Identify the interplay between N6-methyladenine and gene regulation under hypoxia by randomized empirical model (RNA-seq). Identify the interplay between N6-methyladenine and gene regulation under hypoxia by randomized empirical model (RNA-seq)

In this study, we employed RNA-seq to investigate the role of N6-methyladenine (6mA) in chromatin accessibility under hypoxic conditions. Overall design: FaDu, a head and neck cancer cell line, was purchased from Bioresource Collection and Research Center (BCRC, Hsinchu, Taiwan). The cell line was cultured in Dulbecco’s modified Eagle’s medium (DMEM) supplemented with 10% FBS, 1 mM sodium pyruvate, and 1× Antibiotic-Antimycotic (Gibco), under the conditions of 5% CO2 at 37°C. The mycoplasma absence was tested by Mycoplasma PCR Detection Kit (abm) before the experiments. Knockdown of METTL4 was achieved using a previously established method with lenti-virus infection. For hypoxic conditions, cells were incubated in an environment of 1% O2, 5% CO2, and 94% N2 at 37°C for 18 hours.
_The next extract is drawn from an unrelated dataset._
(* For any $(2^{nR_1},2^{nR_2},n)$ code for the state-dependent discrete memoryless MAC with generalized feedback, with arbitrary state estimators $\hat S_k^n=\psi_k^n(X_k^n,Z_k^n)$, the average distortion of estimator $k\in\{1,2\}$ satisfies $$d_k^{(n)}=\mathbb E\Big[\frac1n\sum_{i=1}^nd_k(S_{ki},\hat S_{ki})\Big]\ \ge\ \frac1n\sum_{i=1}^n\mathbb E[c_k(X_{1i},X_{2i})],$$ where the expectation on the right is with respect to the distribution of $(X_{1i},X_{2i})$ induced by uniformly distributed independent messages, the states and the channel.
   Context: Model: finite alphabets $\mathcal X_k,\mathcal Z_k,\mathcal Y$, state alphabet $\mathcal S=\mathcal S_1\times\mathcal S_2$, reconstruction alphabets $\hat{\mathcal S}_k$; states $S_i=(S_{1i},S_{2i})$ i.i.d. $\sim P_S$, independent of the messages; memoryless channel $P_{YZ_1Z_2|X_1X_2S}$; encoders $x_{ki}=\phi_{ki}(w_k,z_k^{i-1})$; bounded distortion functions $d_k:\mathcal S_k\times\hat{\mathcal S}_k\to[0,\infty)$. Idealized cost: $$c_k(x_1,x_2)=\sum_{z_1,z_2}\min_{\hat s\in\hat{\mathcal S}_k}\sum_{s=(s_1,s_2)\in\mathcal S}P_S(s)P_{Z_1Z_2|X_1X_2S}(z_1,z_2|x_1,x_2,s)\,d_k(s_k,\hat s),$$ i.e. the minimum expected distortion in estimating $S_k$ from $(X_1,X_2,Z_1,Z_2)$ given $X_1=x_1,X_2=x_2$, when $S\sim P_S$ is independent of the inputs. *)

theory Defs
  imports Complex_Main
begin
本研究采用RNA测序（RNA-seq）技术，探究缺氧条件下N6-甲基腺嘌呤（N6-methyladenine，6mA）对染色质可及性的调控作用。实验设计如下：人头颈部癌细胞系FaDu购自中国台湾新竹生物资源保藏与研究中心（Bioresource Collection and Research Center，BCRC）。该细胞系培养于添加10%胎牛血清（Fetal Bovine Serum，FBS）、1 mM丙酮酸钠以及1×抗生素-抗真菌混合液（Gibco）的达尔伯克改良伊格尔培养基（Dulbecco’s modified Eagle’s medium，DMEM）中，培养条件为37℃、5% CO₂。实验开展前，采用支原体PCR检测试剂盒（abm）对细胞进行支原体阴性检测。采用已报道的慢病毒感染法实现METTL4基因的敲低。缺氧处理组细胞置于37℃、含1% O₂、5% CO₂及94% N₂的培养环境中孵育18小时。